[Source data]
* * * * * * * * *

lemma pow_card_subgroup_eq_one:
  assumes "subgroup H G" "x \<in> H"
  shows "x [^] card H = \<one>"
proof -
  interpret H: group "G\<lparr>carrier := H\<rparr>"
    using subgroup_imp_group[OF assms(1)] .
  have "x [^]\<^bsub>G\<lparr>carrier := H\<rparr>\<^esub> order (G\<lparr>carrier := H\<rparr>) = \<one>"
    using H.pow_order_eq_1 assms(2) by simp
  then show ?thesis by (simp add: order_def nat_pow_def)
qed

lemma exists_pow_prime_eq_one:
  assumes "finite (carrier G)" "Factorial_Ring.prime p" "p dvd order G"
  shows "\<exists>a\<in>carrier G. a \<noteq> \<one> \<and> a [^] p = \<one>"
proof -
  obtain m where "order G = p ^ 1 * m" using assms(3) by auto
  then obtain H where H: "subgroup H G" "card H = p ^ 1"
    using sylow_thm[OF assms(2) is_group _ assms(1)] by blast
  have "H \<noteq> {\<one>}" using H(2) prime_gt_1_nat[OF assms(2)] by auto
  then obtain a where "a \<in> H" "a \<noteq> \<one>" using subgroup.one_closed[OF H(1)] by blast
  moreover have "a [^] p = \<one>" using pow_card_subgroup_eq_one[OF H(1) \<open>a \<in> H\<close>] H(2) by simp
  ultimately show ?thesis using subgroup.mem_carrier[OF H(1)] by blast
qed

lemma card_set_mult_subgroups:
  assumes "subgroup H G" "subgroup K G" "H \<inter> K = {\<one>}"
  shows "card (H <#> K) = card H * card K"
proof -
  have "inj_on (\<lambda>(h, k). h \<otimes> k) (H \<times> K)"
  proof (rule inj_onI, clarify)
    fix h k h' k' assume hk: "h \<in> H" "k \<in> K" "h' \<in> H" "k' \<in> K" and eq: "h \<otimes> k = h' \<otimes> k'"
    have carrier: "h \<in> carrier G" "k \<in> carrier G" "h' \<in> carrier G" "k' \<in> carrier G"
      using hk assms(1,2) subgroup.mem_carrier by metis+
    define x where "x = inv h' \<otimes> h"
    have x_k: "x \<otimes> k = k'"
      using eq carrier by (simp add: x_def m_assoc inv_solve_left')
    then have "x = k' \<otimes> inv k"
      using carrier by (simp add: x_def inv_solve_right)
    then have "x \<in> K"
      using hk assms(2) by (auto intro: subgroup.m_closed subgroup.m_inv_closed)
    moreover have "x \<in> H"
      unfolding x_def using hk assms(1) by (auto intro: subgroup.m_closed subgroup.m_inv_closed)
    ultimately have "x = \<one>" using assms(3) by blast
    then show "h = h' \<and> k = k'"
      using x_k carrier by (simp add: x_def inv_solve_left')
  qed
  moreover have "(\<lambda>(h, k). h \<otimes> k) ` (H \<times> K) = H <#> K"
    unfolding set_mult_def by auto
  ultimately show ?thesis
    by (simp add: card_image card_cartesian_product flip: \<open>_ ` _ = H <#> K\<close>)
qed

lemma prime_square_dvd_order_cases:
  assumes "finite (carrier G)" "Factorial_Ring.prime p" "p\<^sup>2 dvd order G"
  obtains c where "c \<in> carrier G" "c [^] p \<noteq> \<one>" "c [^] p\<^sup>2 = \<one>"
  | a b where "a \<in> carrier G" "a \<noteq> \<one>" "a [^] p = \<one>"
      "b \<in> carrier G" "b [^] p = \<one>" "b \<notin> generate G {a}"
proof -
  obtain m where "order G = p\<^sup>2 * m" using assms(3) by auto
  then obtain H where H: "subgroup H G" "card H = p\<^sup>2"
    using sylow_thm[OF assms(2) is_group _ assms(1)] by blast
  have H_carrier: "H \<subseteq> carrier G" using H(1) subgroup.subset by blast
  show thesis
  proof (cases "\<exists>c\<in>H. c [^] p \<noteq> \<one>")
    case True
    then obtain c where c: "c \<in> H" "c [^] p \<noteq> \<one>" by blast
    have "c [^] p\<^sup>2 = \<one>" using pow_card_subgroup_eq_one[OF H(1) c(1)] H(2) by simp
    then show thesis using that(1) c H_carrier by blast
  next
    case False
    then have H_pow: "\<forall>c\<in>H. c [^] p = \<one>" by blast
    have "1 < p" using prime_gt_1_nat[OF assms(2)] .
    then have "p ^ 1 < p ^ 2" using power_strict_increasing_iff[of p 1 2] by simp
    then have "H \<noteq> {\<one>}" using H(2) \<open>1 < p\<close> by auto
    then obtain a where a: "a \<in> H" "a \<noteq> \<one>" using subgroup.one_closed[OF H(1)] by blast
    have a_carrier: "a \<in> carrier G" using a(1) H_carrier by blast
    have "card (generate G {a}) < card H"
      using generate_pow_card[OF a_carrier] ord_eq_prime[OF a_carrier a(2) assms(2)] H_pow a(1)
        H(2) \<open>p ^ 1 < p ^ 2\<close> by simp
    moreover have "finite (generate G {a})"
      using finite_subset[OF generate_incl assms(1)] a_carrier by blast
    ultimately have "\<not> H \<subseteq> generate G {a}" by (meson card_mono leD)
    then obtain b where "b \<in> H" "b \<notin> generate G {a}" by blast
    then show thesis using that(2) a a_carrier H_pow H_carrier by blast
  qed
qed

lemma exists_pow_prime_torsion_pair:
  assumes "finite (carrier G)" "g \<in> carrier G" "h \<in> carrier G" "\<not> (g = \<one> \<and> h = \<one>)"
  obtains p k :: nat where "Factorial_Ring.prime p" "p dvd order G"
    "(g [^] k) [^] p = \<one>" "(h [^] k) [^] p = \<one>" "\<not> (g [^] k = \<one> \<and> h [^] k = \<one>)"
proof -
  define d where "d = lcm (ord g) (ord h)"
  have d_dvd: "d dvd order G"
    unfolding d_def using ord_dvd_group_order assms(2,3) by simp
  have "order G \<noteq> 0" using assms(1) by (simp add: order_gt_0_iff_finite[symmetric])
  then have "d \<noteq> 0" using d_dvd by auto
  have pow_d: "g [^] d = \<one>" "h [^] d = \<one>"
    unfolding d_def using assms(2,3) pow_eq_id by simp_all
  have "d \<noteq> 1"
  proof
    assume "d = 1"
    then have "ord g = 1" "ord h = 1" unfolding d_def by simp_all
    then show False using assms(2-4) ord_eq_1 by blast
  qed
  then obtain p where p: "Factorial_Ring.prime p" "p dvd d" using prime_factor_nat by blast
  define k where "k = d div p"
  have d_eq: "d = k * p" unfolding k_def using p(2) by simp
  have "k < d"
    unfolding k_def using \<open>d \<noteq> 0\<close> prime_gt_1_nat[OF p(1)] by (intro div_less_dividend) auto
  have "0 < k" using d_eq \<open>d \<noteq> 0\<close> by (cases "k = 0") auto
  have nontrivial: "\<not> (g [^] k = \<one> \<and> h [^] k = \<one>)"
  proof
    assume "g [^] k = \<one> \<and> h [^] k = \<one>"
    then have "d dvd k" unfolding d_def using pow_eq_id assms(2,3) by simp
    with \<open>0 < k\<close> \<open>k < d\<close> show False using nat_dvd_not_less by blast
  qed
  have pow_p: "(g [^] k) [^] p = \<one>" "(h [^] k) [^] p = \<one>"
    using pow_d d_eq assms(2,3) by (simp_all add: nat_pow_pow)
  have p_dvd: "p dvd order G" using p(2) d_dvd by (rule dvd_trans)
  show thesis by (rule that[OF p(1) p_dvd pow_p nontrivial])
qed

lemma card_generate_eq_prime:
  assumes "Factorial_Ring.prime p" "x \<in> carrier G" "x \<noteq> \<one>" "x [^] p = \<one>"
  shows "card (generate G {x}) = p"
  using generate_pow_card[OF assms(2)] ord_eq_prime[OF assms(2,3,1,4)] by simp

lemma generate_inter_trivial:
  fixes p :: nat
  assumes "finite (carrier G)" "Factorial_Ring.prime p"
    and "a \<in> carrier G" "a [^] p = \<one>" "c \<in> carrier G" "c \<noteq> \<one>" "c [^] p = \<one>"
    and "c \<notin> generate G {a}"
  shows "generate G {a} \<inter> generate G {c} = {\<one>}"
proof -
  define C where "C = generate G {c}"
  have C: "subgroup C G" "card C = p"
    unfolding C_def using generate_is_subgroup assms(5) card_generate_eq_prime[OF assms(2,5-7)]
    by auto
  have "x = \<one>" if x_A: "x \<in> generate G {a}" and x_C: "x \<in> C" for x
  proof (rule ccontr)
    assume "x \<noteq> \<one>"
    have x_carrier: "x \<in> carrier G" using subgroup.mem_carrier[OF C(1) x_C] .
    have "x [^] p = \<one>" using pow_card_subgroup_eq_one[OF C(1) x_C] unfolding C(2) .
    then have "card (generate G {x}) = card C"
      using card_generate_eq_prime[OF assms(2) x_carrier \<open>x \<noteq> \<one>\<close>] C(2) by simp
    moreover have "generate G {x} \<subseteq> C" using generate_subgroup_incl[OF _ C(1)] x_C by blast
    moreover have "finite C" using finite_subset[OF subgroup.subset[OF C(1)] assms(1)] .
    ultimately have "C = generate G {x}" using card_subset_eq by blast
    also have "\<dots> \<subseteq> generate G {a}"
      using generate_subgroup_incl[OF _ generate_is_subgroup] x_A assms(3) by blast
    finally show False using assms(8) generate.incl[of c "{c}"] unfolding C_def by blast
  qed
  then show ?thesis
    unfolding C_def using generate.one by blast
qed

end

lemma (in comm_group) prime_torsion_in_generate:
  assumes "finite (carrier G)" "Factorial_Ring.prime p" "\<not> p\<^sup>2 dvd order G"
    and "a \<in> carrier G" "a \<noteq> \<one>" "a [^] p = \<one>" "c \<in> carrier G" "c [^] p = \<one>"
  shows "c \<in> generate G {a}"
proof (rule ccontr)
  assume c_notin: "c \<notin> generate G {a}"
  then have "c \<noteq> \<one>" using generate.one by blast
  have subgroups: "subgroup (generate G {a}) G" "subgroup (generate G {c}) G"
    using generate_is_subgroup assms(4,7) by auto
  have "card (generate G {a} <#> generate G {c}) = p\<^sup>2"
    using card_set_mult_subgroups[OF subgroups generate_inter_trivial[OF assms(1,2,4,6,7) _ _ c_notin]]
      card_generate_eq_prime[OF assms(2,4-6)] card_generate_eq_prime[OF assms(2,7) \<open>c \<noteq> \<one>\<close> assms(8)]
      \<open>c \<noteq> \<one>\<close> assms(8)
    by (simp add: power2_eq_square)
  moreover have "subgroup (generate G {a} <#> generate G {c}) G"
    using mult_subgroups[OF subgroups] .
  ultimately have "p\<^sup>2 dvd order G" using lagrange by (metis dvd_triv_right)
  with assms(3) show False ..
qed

* * * * * * * * *

Problem description -
Begin with the line above that has "C(1)] assms(1)] ." and continue through the line that has "lemma (in comm_group)", setting each one down exactly. Stop there.

Finished exercise -
    moreover have "finite C" using finite_subset[OF subgroup.subset[OF C(1)] assms(1)] .
    ultimately have "C = generate G {x}" using card_subset_eq by blast
    also have "\<dots> \<subseteq> generate G {a}"
      using generate_subgroup_incl[OF _ generate_is_subgroup] x_A assms(3) by blast
    finally show False using assms(8) generate.incl[of c "{c}"] unfolding C_def by blast
  qed
  then show ?thesis
    unfolding C_def using generate.one by blast
qed

end

lemma (in comm_group) prime_torsion_in_generate:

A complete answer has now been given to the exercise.